The sake fermentation process is called parallel fermentation. The fermentation of starch to sugar and the fermentation of sugar to alcohol occur simultaneously in a single batch. In wine making, sugar already exists in the juice of the grapes, so only yeast is added for the fermentation. In beer making, starch is first converted to sugar and subsequently yeast is added. In both wine and beer making the fermentation process is linear.


b-2. How long does it take to make sake?

It takes 5-7 months from the first stage, which is preparation of fermentation, to the bottling of the sake.


b-3. How long is the fermentation stage?

It lasts 3 to 4 weeks. It varies according to the types of sake being produced. Normally, the Ginjo type sake that is produced at a lower temperature takes a longer fermentation time.


b-4. Is the production of sake seasonal?

No. Sake production is continuous throughout the year. This system is called Shiki-Jozo.


b-5. What is pasteurization?

Sake goes through heating process; it is heated at 149°F-158°F for a short duration, which stops fermentation and also eliminates bacteria; therefore, the sake gains shelf life without adding the sulfites which are added in the wine-making process.


b-6. Do you use wooden barrels for production?

Wooden barrels are no longer used. They were used until the early 20th century but were found to cause the growth of harmful bacteria. In modern sake making, wooden barrels have been replaced by the use of stainless-steel tanks.


b-7. What do you do with the leftover sake lees (sakekasu) after pressing moromi?

Sakekasu  is often used in Japanese cooking and also used as a curing agent for fish and vegetables.  To see recipes using sake lees (sakekasu) click on the recipe link.


Sakekasu

b-8. Can you purchase sakekasu at a Japanese market?
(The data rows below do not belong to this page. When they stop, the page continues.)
lemma norm_mean_less_integral_max_orbit_inner:
  assumes "t = (\<integral>w. X w \<partial>M)"
    and "measure M {w \<in> space M. X w \<notin> Cone G act t} > 0"
  shows "(norm t)\<^sup>2 < (\<integral>w. max_orbit_inner G act t (X w) \<partial>M)"
proof -
  let ?A = "{w \<in> space M. X w \<notin> Cone G act t}"
  have "(norm t)\<^sup>2 = (\<integral>w. inner (X w) t \<partial>M)"
    using integrable_X assms(1) by (simp add: power2_norm_eq_inner)
  also have "\<dots> < (\<integral>w. max_orbit_inner G act t (X w) \<partial>M)"
  proof (rule finite_measure.integral_less_AE[where A = ?A])
    show "finite_measure M" using prob by (simp add: prob_space.finite_measure)
    show "integrable M (\<lambda>w. inner (X w) t)" using integrable_X by simp
    show "integrable M (\<lambda>w. max_orbit_inner G act t (X w))" by (rule integrable_max_orbit_inner)
    show "?A \<in> sets M" using assms(2) measure_notin_sets by fastforce
    show "emeasure M ?A \<noteq> 0" using assms(2) by (metis less_irrefl measure_def enn2real_0)
    show "AE w\<in>?A in M. inner (X w) t \<noteq> max_orbit_inner G act t (X w)"
      using inner_less_max_orbit_inner_if_notin_Cone by (auto intro!: AE_I2 less_imp_neq)
    show "AE w in M. inner (X w) t \<le> max_orbit_inner G act t (X w)"
      using inner_le_max_orbit_inner_id by simp
  qed
  finally show ?thesis .
qed

end

end

text \<open>The minimiser \<open>s = c / b\<close> of \<open>A + s\<^sup>2 b - 2 s c\<close> beats \<open>s = 1\<close> by \<open>(c - b)\<^sup>2 / b\<close>.\<close>
lemma quadratic_vertex_less:
  fixes A b c :: real
  assumes "b > 0" "c \<noteq> b"
  shows "A + (c / b)\<^sup>2 * b - 2 * (c / b) * c < A + b - 2 * c"
proof -
  have "A + b - 2 * c - (A + (c / b)\<^sup>2 * b - 2 * (c / b) * c) = (c - b)\<^sup>2 / b"
    using assms(1) by (simp add: field_simps power2_eq_square)
  moreover have "(c - b)\<^sup>2 / b > 0" using assms by simp
  ultimately show ?thesis by linarith
qed

theorem mainTheorem1:
  fixes G :: "('g, 'b) monoid_scheme"
    and act :: "'g \<Rightarrow> 'a::euclidean_space \<Rightarrow> 'a"
    and M :: "'w measure"
    and X :: "'w \<Rightarrow> 'a"
  assumes "group G" and "finite (carrier G)"
    and "lin_iso_eff_action G act"
    and "prob_space M"
    and "X \<in> borel_measurable M"
    and "absolutely_continuous lborel (distr M lborel X)"
    and "integrable M (\<lambda>w. (norm (X w))\<^sup>2)"
    and "t0 = (\<integral>w. X w \<partial>M)"
    and "regular_point G act t0"
    and "measure M {w \<in> space M. X w \<notin> Cone G act t0} > 0"
  shows "\<not> is_frechet_mean M G act X t0"
proof -
  interpret finite_lin_iso_eff_action G act using assms(1-3)
    by (simp add: finite_lin_iso_eff_action_def finite_lin_iso_eff_action_axioms_def)
  define b where "b = (norm t0)\<^sup>2"
  define c where "c = (\<integral>w. max_orbit_inner G act t0 (X w) \<partial>M)"
  have "t0 \<noteq> 0" using assms(10) Cone_zero[OF assms(3)] by auto
  then have "b > 0" by (simp add: b_def)
  have "b < c"
    using norm_mean_less_integral_max_orbit_inner[OF assms(4,5,7) assms(8,10)]
    by (simp add: b_def c_def)
  have variance: "orbit_variance M G act X (s *\<^sub>R t0) = (\<integral>w. (norm (X w))\<^sup>2 \<partial>M) + s\<^sup>2 * b - 2 * s * c"
    if "s \<ge> 0" for s
    using orbit_variance_ray[OF assms(4,5,7) that] by (simp add: b_def c_def)
  have "orbit_variance M G act X ((c / b) *\<^sub>R t0) < orbit_variance M G act X (1 *\<^sub>R t0)"
    using variance[of "c / b"] variance[of 1] quadratic_vertex_less[OF \<open>b > 0\<close>] \<open>b > 0\<close> \<open>b < c\<close>
    by simp
  then show ?thesis unfolding is_frechet_mean_def by (auto simp: not_le)
qed

end
text \<open>N/Z(N) is identified (as a manifold) with V via the projection fst, and
  Z(N) = {0} x Z with Z via snd.\<close>
definition cor_concl :: "('v::euclidean_space \<Rightarrow> 'v \<Rightarrow> 'z::euclidean_space) \<Rightarrow> ('v \<times> 'z \<Rightarrow> 'v \<times> 'z) \<Rightarrow> bool" where
  "cor_concl \<omega> F =
    (naut \<omega> F \<and>
     (\<exists>\<mu> Fbar. central_aut \<omega> \<mu> \<and> lie_aut \<omega> Fbar \<and> F = \<mu> \<circ> Fbar) \<and>
     bij_betw F (ncenter \<omega>) (ncenter \<omega>) \<and>
     (\<exists>h. diffeo h \<and> (\<forall>x\<in>ncenter \<omega>. snd (F x) = h (snd x))) \<and>
     (\<exists>g. diffeo g \<and> (\<forall>x. fst (F x) = g (fst x))))"

text \<open>(2n+1)-dim Heisenberg: V = (x,y) in R^n x R^n, [X_t,Y_t]=Z.\<close>
definition heis_form :: "((real^'n) \<times> (real^'n)) \<Rightarrow> ((real^'n) \<times> (real^'n)) \<Rightarrow> real" where
  "heis_form a b = fst a \<bullet> snd b - snd a \<bullet> fst b"

text \<open>(4n+3)-dim quaternionic Heisenberg: V = (x,y,v,w), Z = (Z1,Z2,Z3).\<close>
definition quat_form ::
  "((real^'n) \<times> (real^'n) \<times> (real^'n) \<times> (real^'n)) \<Rightarrow> ((real^'n) \<times> (real^'n) \<times> (real^'n) \<times> (real^'n))
     \<Rightarrow> real \<times> real \<times> real" where
  "quat_form a b = (case a of (x,y,v,w) \<Rightarrow> case b of (x',y',v',w') \<Rightarrow>
     ((x \<bullet> y' - y \<bullet> x') + (v \<bullet> w' - w \<bullet> v'),
      (x \<bullet> v' - v \<bullet> x') - (y \<bullet> w' - w \<bullet> y'),
      (x \<bullet> w' - w \<bullet> x') + (y \<bullet> v' - v \<bullet> y')))"

text \<open>15-dim octonionic Heisenberg (Iwasawa N of F4(-20)): V = O = R x R^7,
  Z = Im O = R^7, bracket [a,b] = Im(conj a * b), with the octonion product
  e_i e_(i+1) = e_(i+3) (indices mod 7).\<close>
definition oct_form :: "(real \<times> (real^7)) \<Rightarrow> (real \<times> (real^7)) \<Rightarrow> (real^7)" where
  "oct_form a b = (\<chi> k.
     fst a * (snd b $ k) - (snd a $ k) * fst b
     - ((snd a $ (k-3)) * (snd b $ (k-2)) - (snd a $ (k-2)) * (snd b $ (k-3)))
     - ((snd a $ (k+1)) * (snd b $ (k+3)) - (snd a $ (k+3)) * (snd b $ (k+1)))
     - ((snd a $ (k+2)) * (snd b $ (k-1)) - (snd a $ (k-1)) * (snd b $ (k+2))))"

end

theory Submission
  imports Defs
begin
lemma bichromatic_cycle_nbrs:
  assumes cycle: "is_cycle V E cs"
    and bichromatic: "\<forall>i < length cs. c (cs ! i) \<noteq> c (cs ! ((i + 1) mod length cs))"
    and "v \<in> set cs"
  obtains u u' where "u \<in> set cs" "u' \<in> set cs" "u \<noteq> u'"
    "adj E v u" "adj E v u'" "c u \<noteq> c v" "c u' \<noteq> c v"
proof -
  let ?n = "length cs"
  have n: "3 \<le> ?n" and dist: "distinct cs"
    and steps: "\<forall>i < ?n. adj E (cs ! i) (cs ! ((i + 1) mod ?n))"
    using cycle unfolding is_cycle_def by auto
  obtain i where i: "i < ?n" "v = cs ! i"
    using \<open>v \<in> set cs\<close> by (auto simp: in_set_conv_nth)
  define j where "j = (i + ?n - 1) mod ?n"
  have pos: "0 < ?n"
    using n by linarith
  have j: "j < ?n" and next_i: "(i + 1) mod ?n < ?n"
    using pos by (simp_all add: j_def)
  have "(j + 1) mod ?n = (i + ?n - 1 + 1) mod ?n"
    by (simp only: j_def mod_add_left_eq)
  also have "i + ?n - 1 + 1 = i + ?n"
    using pos by linarith
  finally have j_next: "(j + 1) mod ?n = i"
    using i by simp
  have "cs ! ((i + 1) mod ?n) \<noteq> cs ! j"
    using mod_Suc_neq_mod_pred[OF n i(1)] nth_eq_iff_index_eq[OF dist next_i j]
    by (simp add: j_def)
  moreover have "adj E v (cs ! ((i + 1) mod ?n))" "c (cs ! ((i + 1) mod ?n)) \<noteq> c v"
    using steps bichromatic i by auto
  moreover have "adj E v (cs ! j)" "c (cs ! j) \<noteq> c v"
    using steps[rule_format, OF j] bichromatic[rule_format, OF j] i j_next
    by (auto intro: adj_sym)
  ultimately show ?thesis
    using that nth_mem[OF next_i] nth_mem[OF j] by blast
qed

section \<open>Copies of F in G^m\<close>

definition F_adj :: "fv \<Rightarrow> fv \<Rightarrow> bool" where
  "F_adj u v \<longleftrightarrow> (u, v) \<in> set F_edges \<or> (v, u) \<in> set F_edges"

lemma F_adj_not_both_x_x': "\<not> (F_adj v Fx \<and> F_adj v Fx')"
  by (cases v) (auto simp: F_adj_def F_edges_def)

lemma canon_neq:
  assumes "u \<noteq> v" "{u, v} \<noteq> {Fx, Fx'}"
  shows "canon m s u \<noteq> canon m s v"
  using assms by (auto simp: canon_def)

lemma canon_in_Gm_V: "s < m \<Longrightarrow> canon m s v \<in> Gm_V m"
  by (simp add: canon_def Gm_V_def)

lemma finite_Gm_V: "finite (Gm_V m)"
proof -
  have "Gm_V m \<subseteq> {..<m} \<times> UNIV"
    by (auto simp: Gm_V_def)
  moreover have "(UNIV :: fv set) = {Fa, Fb, Fc, Fd, Fe, Fg, Fh, Fi, Fx, Fx'}"
  proof (rule UNIV_eq_I)
    show "v \<in> {Fa, Fb, Fc, Fd, Fe, Fg, Fh, Fi, Fx, Fx'}" for v
      by (cases v) auto
  qed
  ultimately show ?thesis
    by (metis finite.emptyI finite_insert finite_SigmaI finite_lessThan finite_subset)
qed

lemma adj_canon:
  assumes "s < m" "F_adj u v"
  shows "adj (Gm_E m) (canon m s u) (canon m s v)"
proof -
  have "u \<noteq> v" "{u, v} \<noteq> {Fx, Fx'}"
    using assms(2) by (auto simp: F_adj_def F_edges_def doubleton_eq_iff)
  then show ?thesis
    using assms unfolding adj_def Gm_E_def F_adj_def
    by (auto simp: canon_neq insert_commute)
qed

lemma copy_colour_range:
  assumes "acyclic_S3S3_colouring (Gm_V m) (Gm_E m) col" "s < m"
  shows "col (canon m s v) \<in> {1, 2}"
  using assms canon_in_Gm_V unfolding acyclic_S3S3_colouring_def by blast

text \<open>For m = 1 the copy of x' is x itself, so canon m s is injective only on vertex sets
  of F avoiding x or x'.\<close>

lemma copy_no_alternating_cycle:
  assumes col: "acyclic_S3S3_colouring (Gm_V m) (Gm_E m) col" and s: "s < m"
    and cs: "3 \<le> length cs" "distinct cs" "\<not> (Fx \<in> set cs \<and> Fx' \<in> set cs)"
      "\<forall>i < length cs. F_adj (cs ! i) (cs ! ((i + 1) mod length cs))"
  shows "\<exists>i < length cs. col (canon m s (cs ! i)) = col (canon m s (cs ! ((i + 1) mod length cs)))"
proof -
  have "inj_on (canon m s) (set cs)"
    using cs(3) by (intro inj_onI) (auto simp: canon_def split: if_splits)
  moreover have "\<forall>i < length cs.
      adj (Gm_E m) (canon m s (cs ! i)) (canon m s (cs ! ((i + 1) mod length cs)))"
    using cs(4) s adj_canon by blast
  moreover have pos: "0 < length cs"
    using cs(1) by linarith
  ultimately have "is_cycle (Gm_V m) (Gm_E m) (map (canon m s) cs)"
    using cs s by (auto simp: is_cycle_def distinct_map canon_in_Gm_V)
  from no_alternating_cycle[OF col this] show ?thesis
    using pos by auto
qed

lemma all_less_4: "(\<forall>i::nat < 4. P i) \<longleftrightarrow> P 0 \<and> P 1 \<and> P 2 \<and> P 3"
  by (simp add: numeral_eq_Suc All_less_Suc2)

lemma ex_less_4: "(\<exists>i::nat < 4. P i) \<longleftrightarrow> P 0 \<or> P 1 \<or> P 2 \<or> P 3"
  by (simp add: numeral_eq_Suc Ex_less_Suc2)

lemma all_less_6: "(\<forall>i::nat < 6. P i) \<longleftrightarrow> P 0 \<and> P 1 \<and> P 2 \<and> P 3 \<and> P 4 \<and> P 5"
  by (simp add: numeral_eq_Suc All_less_Suc2)

lemma ex_less_6: "(\<exists>i::nat < 6. P i) \<longleftrightarrow> P 0 \<or> P 1 \<or> P 2 \<or> P 3 \<or> P 4 \<or> P 5"
  by (simp add: numeral_eq_Suc Ex_less_Suc2)

lemma copy_no_alternating_4cycle:
  assumes "acyclic_S3S3_colouring (Gm_V m) (Gm_E m) col" "s < m"
    and "distinct [p, q, r, t]" "\<not> (Fx \<in> {p, q, r, t} \<and> Fx' \<in> {p, q, r, t})"
    and "F_adj p q" "F_adj q r" "F_adj r t" "F_adj t p"
  shows "col (canon m s p) = col (canon m s q) \<or> col (canon m s q) = col (canon m s r) \<or>
    col (canon m s r) = col (canon m s t) \<or> col (canon m s t) = col (canon m s p)"
proof -
  let ?cs = "[p, q, r, t]"
  have len: "length ?cs = 4"
    by simp
  have "\<exists>i < 4. col (canon m s (?cs ! i)) = col (canon m s (?cs ! ((i + 1) mod 4)))"
  proof (rule copy_no_alternating_cycle[OF assms(1,2), of ?cs, unfolded len])
    show "\<forall>i < 4. F_adj (?cs ! i) (?cs ! ((i + 1) mod 4))"
      using assms(5-8) unfolding all_less_4 by simp
  qed (use assms(3,4) in simp_all)
  then show ?thesis
    unfolding ex_less_4 by simp
qed

lemma copy_no_alternating_6cycle:
  assumes "acyclic_S3S3_colouring (Gm_V m) (Gm_E m) col" "s < m"
    and "distinct [p1, p2, p3, p4, p5, p6]" "Fx' \<notin> {p1, p2, p3, p4, p5, p6}"
    and "F_adj p1 p2" "F_adj p2 p3" "F_adj p3 p4" "F_adj p4 p5" "F_adj p5 p6" "F_adj p6 p1"
  shows "col (canon m s p1) = col (canon m s p2) \<or> col (canon m s p2) = col (canon m s p3) \<or>
    col (canon m s p3) = col (canon m s p4) \<or> col (canon m s p4) = col (canon m s p5) \<or>
    col (canon m s p5) = col (canon m s p6) \<or> col (canon m s p6) = col (canon m s p1)"
proof -
  let ?cs = "[p1, p2, p3, p4, p5, p6]"
  have len: "length ?cs = 6"
    by simp
  have "\<exists>i < 6. col (canon m s (?cs ! i)) = col (canon m s (?cs ! ((i + 1) mod 6)))"
  proof (rule copy_no_alternating_cycle[OF assms(1,2), of ?cs, unfolded len])
    show "\<forall>i < 6. F_adj (?cs ! i) (?cs ! ((i + 1) mod 6))"
      using assms(5-10) unfolding all_less_6 by simp
  qed (use assms(3,4) in simp_all)
  then show ?thesis
    unfolding ex_less_6 by simp
qed

lemma copy_not_four_same_colour_nbrs:
  assumes col: "acyclic_S3S3_colouring (Gm_V m) (Gm_E m) col" and s: "s < m"
    and "distinct [u1, u2, u3, u4]" "F_adj v u1" "F_adj v u2" "F_adj v u3" "F_adj v u4"
  shows "\<not> (col (canon m s u1) = col (canon m s v) \<and> col (canon m s u2) = col (canon m s v) \<and>
    col (canon m s u3) = col (canon m s v) \<and> col (canon m s u4) = col (canon m s v))"
proof
  let ?U = "{u1, u2, u3, u4}"
  assume same: "col (canon m s u1) = col (canon m s v) \<and> col (canon m s u2) = col (canon m s v) \<and>
    col (canon m s u3) = col (canon m s v) \<and> col (canon m s u4) = col (canon m s v)"
  have "inj_on (canon m s) ?U"
    using assms(3-) F_adj_not_both_x_x'[of v]
    by (intro inj_onI) (auto simp: canon_def split: if_splits)
  then have "card (canon m s ` ?U) = 4"
    using assms(3) by (simp add: card_image)
  moreover have "card (canon m s ` ?U) \<le> 3"
    using same assms(4-7) s
    by (intro same_colour_nbrs_card_le[OF col finite_Gm_V canon_in_Gm_V[OF s]])
       (auto simp: canon_in_Gm_V adj_canon)
  ultimately show False by simp
qed

section \<open>The colouring of each copy is forced\<close>

lemma copy_triangle_monochromatic:
  assumes col: "acyclic_S3S3_colouring (Gm_V m) (Gm_E m) col" and s: "s < m"
  shows "col (canon m s Fa) = col (canon m s Fc) \<and> col (canon m s Fc) = col (canon m s Fd)"
proof -
  define K where "K v = col (canon m s v)" for v
  have same: "K u = K v \<longleftrightarrow> (K u = 1 \<longleftrightarrow> K v = 1)" for u v
    using copy_colour_range[OF col s, of u] copy_colour_range[OF col s, of v] by (auto simp: K_def)
  note cycle = copy_no_alternating_4cycle[OF col s, folded K_def]
  note nbrs = copy_not_four_same_colour_nbrs[OF col s, folded K_def]
  show ?thesis
    unfolding K_def[symmetric]
  proof (rule ccontr)
    assume "\<not> (K Fa = K Fc \<and> K Fc = K Fd)"
    then consider "K Fa \<noteq> K Fc" "K Fc = K Fd" | "K Fc \<noteq> K Fa" "K Fa = K Fd"
      | "K Fd \<noteq> K Fa" "K Fa = K Fc"
      unfolding same by blast
    then show False
    proof cases
      case 1
      have "K Fe = K Fc" "K Fb = K Fc"
        using 1 cycle[of Fa Fc Fe Fd] cycle[of Fa Fc Fb Fd] by (auto simp: F_adj_def F_edges_def same)
      moreover have "K Fg \<noteq> K Fc"
        using nbrs[of Fb Fd Fe Fg Fc] 1 calculation by (auto simp: F_adj_def F_edges_def)
      ultimately show False
        using 1 cycle[of Fa Fb Fg Fc] by (auto simp: F_adj_def F_edges_def same)
    next
      case 2
      have "K Fe = K Fa" "K Fb = K Fa"
        using 2 cycle[of Fc Fa Fe Fd] cycle[of Fc Fa Fb Fd] by (auto simp: F_adj_def F_edges_def same)
      moreover have "K Fg \<noteq> K Fa \<or> K Fx' \<noteq> K Fa"
        using nbrs[of Fa Fd Fg Fx' Fb] 2 calculation by (auto simp: F_adj_def F_edges_def)
      ultimately show False
        using 2 cycle[of Fb Fg Fe Fc] cycle[of Fb Fx' Fe Fc] by (auto simp: F_adj_def F_edges_def same)
    next
      case 3
      have "K Fe = K Fa" "K Fb = K Fa"
        using 3 cycle[of Fd Fa Fe Fc] cycle[of Fd Fa Fb Fc] by (auto simp: F_adj_def F_edges_def same)
      moreover have "K Fg \<noteq> K Fa"
        using nbrs[of Fa Fb Fe Fg Fc] 3 calculation by (auto simp: F_adj_def F_edges_def)
      ultimately show False
        using 3 cycle[of Fb Fg Fc Fd] by (auto simp: F_adj_def F_edges_def same)
    qed
  qed
qed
You can purchase it at some Japanese grocery markets. It’s also available at our online shop.


b-9. How does the sake brewing process make possible alcohol levels of 15% or higher?

It is make possible by sake’s unique parallel fermentation that allows growth of stronger yeast.

In contrast, yeast produced in wine making dies at around an alcohol level of 13%. In beer making, yeast dies even earlier, at an alcohol level of 4-5%.